** Task brief **
Transcribe each entry so that it matches the original exactly.

----------------------------------------

(*
  By density, the convergence of the integrals of phi (z u t) du over [0,1] extends from H to all of
  C_K. Testing it against a continuous plateau phi that equals 1 on [0, u + e/2] and vanishes beyond
  u + e shows, since z(., t) is nondecreasing, that z u t < u + e for small t: otherwise the integral
  would be at most u while its limit is at least u + e/2. The substitution (u, x) |-> (1 - u, 1 - x)
  preserves the hypotheses and yields the lower bound.

  For the second claim, monotonicity traps z v t, and also the left limit g t of z(., t) at u, between
  z w t and z w' t for v between w and w'; these converge to w and w' as t -> 0. This controls the
  uniform limits in v for small t, while membership in D([0,1], C(0,T]) controls them on every [s,T].
*)

lemma integrable_on_continuous_comp_mono_on:
  fixes f \<psi> :: "real \<Rightarrow> real"
  assumes f: "mono_on {a..b} f" and \<psi>: "continuous_on UNIV \<psi>"
  shows "(\<lambda>x. \<psi> (f x)) integrable_on {a..b}"
proof -
  have "space lborel = space lebesgue" "sets borel \<subseteq> sets lebesgue"
    by force+
  then have "f \<in> borel_measurable (lebesgue_on {a..b})"
    by (metis f borel_measurable_mono_on_fnc borel_measurable_subalgebra mono_restrict_space
        space_lborel space_restrict_space)
  moreover have "\<psi> \<in> borel_measurable borel"
    using \<psi> borel_measurable_continuous_onI by blast
  ultimately have meas: "(\<lambda>x. \<psi> (f x)) \<in> borel_measurable (lebesgue_on {a..b})"
    using measurable_compose by blast
  have "compact (\<psi> ` {f a..f b})"
    by (intro compact_continuous_image continuous_on_subset[OF \<psi>]) auto
  then obtain B where B: "\<And>y. y \<in> {f a..f b} \<Longrightarrow> norm (\<psi> y) \<le> B"
    by (meson bounded_iff compact_imp_bounded imageI)
  have "norm (\<psi> (f x)) \<le> B" if "x \<in> {a..b}" for x
    using that f by (intro B) (auto simp: mono_on_def)
  then show ?thesis
    by (intro measurable_bounded_by_integrable_imp_integrable[OF meas, of "\<lambda>_. B"]) auto
qed

lemma integral_le_split:
  fixes f :: "real \<Rightarrow> real"
  assumes f: "f integrable_on {a..b}" and c: "a \<le> c" "c \<le> b"
    and "\<And>x. x \<in> {a..c} \<Longrightarrow> f x \<le> A" and "\<And>x. x \<in> {c..b} \<Longrightarrow> f x \<le> B"
  shows "integral {a..b} f \<le> A * (c - a) + B * (b - c)"
proof -
  have "integral {a..c} f \<le> integral {a..c} (\<lambda>_. A)"
    by (rule integral_le) (use assms integrable_subinterval_real[OF f] in auto)
  moreover have "integral {c..b} f \<le> integral {c..b} (\<lambda>_. B)"
    by (rule integral_le) (use assms integrable_subinterval_real[OF f] in auto)
  ultimately show ?thesis
    using Henstock_Kurzweil_Integration.integral_combine[OF c f] c by (simp add: mult.commute)
qed

lemma integral_ge_split:
  fixes f :: "real \<Rightarrow> real"
  assumes f: "f integrable_on {a..b}" and c: "a \<le> c" "c \<le> b"
    and "\<And>x. x \<in> {a..c} \<Longrightarrow> A \<le> f x" and "\<And>x. x \<in> {c..b} \<Longrightarrow> B \<le> f x"
  shows "A * (c - a) + B * (b - c) \<le> integral {a..b} f"
proof -
  have "integral {a..c} (\<lambda>_. A) \<le> integral {a..c} f"
    by (rule integral_le) (use assms integrable_subinterval_real[OF f] in auto)
  moreover have "integral {c..b} (\<lambda>_. B) \<le> integral {c..b} f"
    by (rule integral_le) (use assms integrable_subinterval_real[OF f] in auto)
  ultimately show ?thesis
    using Henstock_Kurzweil_Integration.integral_combine[OF c f] c by (simp add: mult.commute)
qed

lemma abs_integral_diff_le:
  fixes f g :: "real \<Rightarrow> real"
  assumes "f integrable_on {a..b}" "g integrable_on {a..b}" "a \<le> b"
    and "\<And>x. x \<in> {a..b} \<Longrightarrow> \<bar>f x - g x\<bar> \<le> e"
  shows "\<bar>integral {a..b} f - integral {a..b} g\<bar> \<le> e * (b - a)"
proof -
  have "0 \<le> e"
    using assms(3) assms(4)[of a] by auto
  then have "norm (integral {a..b} (\<lambda>x. f x - g x)) \<le> e * (b - a)"
    using integrable_bound[of e "\<lambda>x. f x - g x" a b] assms by (simp add: integrable_diff)
  then show ?thesis
    using assms by (simp add: integral_diff)
qed

lemma integral_reflect_unit_interval:
  fixes f :: "real \<Rightarrow> real"
  shows "integral {0..1} (\<lambda>v. f (1 - v)) = integral {0..1} f"
proof -
  have "integral {0..1} (\<lambda>v. f (1 - v)) = integral {-1..0} (f \<circ> (+) 1)"
    using Henstock_Kurzweil_Integration.integral_reflect_real[of 1 0 "\<lambda>v. f (1 - v)"]
    by (simp only: minus_zero diff_minus_eq_add comp_def add.commute)
  also have "\<dots> = integral {0..1} f"
    using integral_shift_Icc_real[of "-1" 0 f 1] by simp
  finally show ?thesis .
qed

lemma CK_iff:
  "\<phi> \<in> CK \<longleftrightarrow> continuous_on UNIV \<phi> \<and> (\<exists>a b. \<forall>x. x \<notin> {a..b} \<longrightarrow> \<phi> x = 0)"
proof
  assume "\<phi> \<in> CK"
  then have "bounded (closure {x. \<phi> x \<noteq> 0})"
    by (simp add: CK_def compact_imp_bounded)
  then obtain r where r: "\<And>x. x \<in> closure {x. \<phi> x \<noteq> 0} \<Longrightarrow> norm x \<le> r"
    unfolding bounded_iff by blast
  have "\<phi> x = 0" if "x \<notin> {-r..r}" for x
  proof (rule ccontr)
    assume "\<phi> x \<noteq> 0"
    then have "norm x \<le> r"
      by (intro r closure_subset[THEN subsetD]) simp
    with that show False
      by (simp add: abs_le_iff)
  qed
  with \<open>\<phi> \<in> CK\<close> show "continuous_on UNIV \<phi> \<and> (\<exists>a b. \<forall>x. x \<notin> {a..b} \<longrightarrow> \<phi> x = 0)"
    unfolding CK_def by blast
next
  assume "continuous_on UNIV \<phi> \<and> (\<exists>a b. \<forall>x. x \<notin> {a..b} \<longrightarrow> \<phi> x = 0)"
  then obtain a b where \<phi>: "continuous_on UNIV \<phi>" "\<And>x. x \<notin> {a..b} \<Longrightarrow> \<phi> x = 0"
    by blast
  have "{x. \<phi> x \<noteq> 0} \<subseteq> {a..b}"
    using \<phi>(2) by blast
  then have "closure {x. \<phi> x \<noteq> 0} \<subseteq> {a..b}"
    by (simp add: closure_minimal)
  then have "compact (closure {x. \<phi> x \<noteq> 0})"
    by (meson bounded_closed_interval bounded_subset closed_closure compact_eq_bounded_closed)
  with \<phi> show "\<phi> \<in> CK"
    by (simp add: CK_def)
qed

lemma CK_reflect:
  assumes "\<phi> \<in> CK"
  shows "(\<lambda>x. \<phi> (1 - x)) \<in> CK"
proof -
  obtain a b where cont: "continuous_on UNIV \<phi>" and ab: "\<And>x. x \<notin> {a..b} \<Longrightarrow> \<phi> x = 0"
    using assms unfolding CK_iff by blast
  have "continuous_on UNIV (\<lambda>x. \<phi> (1 - x))"
    by (rule continuous_on_compose2[OF cont]) (intro continuous_intros, simp)
  moreover have "\<phi> (1 - x) = 0" if "x \<notin> {1 - b..1 - a}" for x
    using that ab[of "1 - x"] by auto
  ultimately show ?thesis
    unfolding CK_iff by blast
qed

----------------------------------------

** Answer for this exercise **
(*
  By density, the convergence of the integrals of phi (z u t) du over [0,1] extends from H to all of
  C_K. Testing it against a continuous plateau phi that equals 1 on [0, u + e/2] and vanishes beyond
  u + e shows, since z(., t) is nondecreasing, that z u t < u + e for small t: otherwise the integral
  would be at most u while its limit is at least u + e/2. The substitution (u, x) |-> (1 - u, 1 - x)
  preserves the hypotheses and yields the lower bound.

  For the second claim, monotonicity traps z v t, and also the left limit g t of z(., t) at u, between
  z w t and z w' t for v between w and w'; these converge to w and w' as t -> 0. This controls the
  uniform limits in v for small t, while membership in D([0,1], C(0,T]) controls them on every [s,T].
*)

lemma integrable_on_continuous_comp_mono_on:
  fixes f \<psi> :: "real \<Rightarrow> real"
  assumes f: "mono_on {a..b} f" and \<psi>: "continuous_on UNIV \<psi>"
  shows "(\<lambda>x. \<psi> (f x)) integrable_on {a..b}"
proof -
  have "space lborel = space lebesgue" "sets borel \<subseteq> sets lebesgue"
    by force+
  then have "f \<in> borel_measurable (lebesgue_on {a..b})"
    by (metis f borel_measurable_mono_on_fnc borel_measurable_subalgebra mono_restrict_space
        space_lborel space_restrict_space)
  moreover have "\<psi> \<in> borel_measurable borel"
    using \<psi> borel_measurable_continuous_onI by blast
  ultimately have meas: "(\<lambda>x. \<psi> (f x)) \<in> borel_measurable (lebesgue_on {a..b})"
    using measurable_compose by blast
  have "compact (\<psi> ` {f a..f b})"
    by (intro compact_continuous_image continuous_on_subset[OF \<psi>]) auto
  then obtain B where B: "\<And>y. y \<in> {f a..f b} \<Longrightarrow> norm (\<psi> y) \<le> B"
    by (meson bounded_iff compact_imp_bounded imageI)
  have "norm (\<psi> (f x)) \<le> B" if "x \<in> {a..b}" for x
    using that f by (intro B) (auto simp: mono_on_def)
  then show ?thesis
    by (intro measurable_bounded_by_integrable_imp_integrable[OF meas, of "\<lambda>_. B"]) auto
qed

lemma integral_le_split:
  fixes f :: "real \<Rightarrow> real"
  assumes f: "f integrable_on {a..b}" and c: "a \<le> c" "c \<le> b"
    and "\<And>x. x \<in> {a..c} \<Longrightarrow> f x \<le> A" and "\<And>x. x \<in> {c..b} \<Longrightarrow> f x \<le> B"
  shows "integral {a..b} f \<le> A * (c - a) + B * (b - c)"
proof -
  have "integral {a..c} f \<le> integral {a..c} (\<lambda>_. A)"
    by (rule integral_le) (use assms integrable_subinterval_real[OF f] in auto)
  moreover have "integral {c..b} f \<le> integral {c..b} (\<lambda>_. B)"
    by (rule integral_le) (use assms integrable_subinterval_real[OF f] in auto)
  ultimately show ?thesis
    using Henstock_Kurzweil_Integration.integral_combine[OF c f] c by (simp add: mult.commute)
qed

lemma integral_ge_split:
  fixes f :: "real \<Rightarrow> real"
  assumes f: "f integrable_on {a..b}" and c: "a \<le> c" "c \<le> b"
    and "\<And>x. x \<in> {a..c} \<Longrightarrow> A \<le> f x" and "\<And>x. x \<in> {c..b} \<Longrightarrow> B \<le> f x"
  shows "A * (c - a) + B * (b - c) \<le> integral {a..b} f"
proof -
  have "integral {a..c} (\<lambda>_. A) \<le> integral {a..c} f"
    by (rule integral_le) (use assms integrable_subinterval_real[OF f] in auto)
  moreover have "integral {c..b} (\<lambda>_. B) \<le> integral {c..b} f"
    by (rule integral_le) (use assms integrable_subinterval_real[OF f] in auto)
  ultimately show ?thesis
    using Henstock_Kurzweil_Integration.integral_combine[OF c f] c by (simp add: mult.commute)
qed

lemma abs_integral_diff_le:
  fixes f g :: "real \<Rightarrow> real"
  assumes "f integrable_on {a..b}" "g integrable_on {a..b}" "a \<le> b"
    and "\<And>x. x \<in> {a..b} \<Longrightarrow> \<bar>f x - g x\<bar> \<le> e"
  shows "\<bar>integral {a..b} f - integral {a..b} g\<bar> \<le> e * (b - a)"
proof -
  have "0 \<le> e"
    using assms(3) assms(4)[of a] by auto
  then have "norm (integral {a..b} (\<lambda>x. f x - g x)) \<le> e * (b - a)"
    using integrable_bound[of e "\<lambda>x. f x - g x" a b] assms by (simp add: integrable_diff)
  then show ?thesis
    using assms by (simp add: integral_diff)
qed

lemma integral_reflect_unit_interval:
  fixes f :: "real \<Rightarrow> real"
  shows "integral {0..1} (\<lambda>v. f (1 - v)) = integral {0..1} f"
proof -
  have "integral {0..1} (\<lambda>v. f (1 - v)) = integral {-1..0} (f \<circ> (+) 1)"
    using Henstock_Kurzweil_Integration.integral_reflect_real[of 1 0 "\<lambda>v. f (1 - v)"]
    by (simp only: minus_zero diff_minus_eq_add comp_def add.commute)
  also have "\<dots> = integral {0..1} f"
    using integral_shift_Icc_real[of "-1" 0 f 1] by simp
  finally show ?thesis .
qed

lemma CK_iff:
  "\<phi> \<in> CK \<longleftrightarrow> continuous_on UNIV \<phi> \<and> (\<exists>a b. \<forall>x. x \<notin> {a..b} \<longrightarrow> \<phi> x = 0)"
proof
  assume "\<phi> \<in> CK"
  then have "bounded (closure {x. \<phi> x \<noteq> 0})"
    by (simp add: CK_def compact_imp_bounded)
  then obtain r where r: "\<And>x. x \<in> closure {x. \<phi> x \<noteq> 0} \<Longrightarrow> norm x \<le> r"
    unfolding bounded_iff by blast
  have "\<phi> x = 0" if "x \<notin> {-r..r}" for x
  proof (rule ccontr)
    assume "\<phi> x \<noteq> 0"
    then have "norm x \<le> r"
      by (intro r closure_subset[THEN subsetD]) simp
    with that show False
      by (simp add: abs_le_iff)
  qed
  with \<open>\<phi> \<in> CK\<close> show "continuous_on UNIV \<phi> \<and> (\<exists>a b. \<forall>x. x \<notin> {a..b} \<longrightarrow> \<phi> x = 0)"
    unfolding CK_def by blast
next
  assume "continuous_on UNIV \<phi> \<and> (\<exists>a b. \<forall>x. x \<notin> {a..b} \<longrightarrow> \<phi> x = 0)"
  then obtain a b where \<phi>: "continuous_on UNIV \<phi>" "\<And>x. x \<notin> {a..b} \<Longrightarrow> \<phi> x = 0"
    by blast
  have "{x. \<phi> x \<noteq> 0} \<subseteq> {a..b}"
    using \<phi>(2) by blast
  then have "closure {x. \<phi> x \<noteq> 0} \<subseteq> {a..b}"
    by (simp add: closure_minimal)
  then have "compact (closure {x. \<phi> x \<noteq> 0})"
    by (meson bounded_closed_interval bounded_subset closed_closure compact_eq_bounded_closed)
  with \<phi> show "\<phi> \<in> CK"
    by (simp add: CK_def)
qed

lemma CK_reflect:
  assumes "\<phi> \<in> CK"
  shows "(\<lambda>x. \<phi> (1 - x)) \<in> CK"
proof -
  obtain a b where cont: "continuous_on UNIV \<phi>" and ab: "\<And>x. x \<notin> {a..b} \<Longrightarrow> \<phi> x = 0"
    using assms unfolding CK_iff by blast
  have "continuous_on UNIV (\<lambda>x. \<phi> (1 - x))"
    by (rule continuous_on_compose2[OF cont]) (intro continuous_intros, simp)
  moreover have "\<phi> (1 - x) = 0" if "x \<notin> {1 - b..1 - a}" for x
    using that ab[of "1 - x"] by auto
  ultimately show ?thesis
    unfolding CK_iff by blast
qed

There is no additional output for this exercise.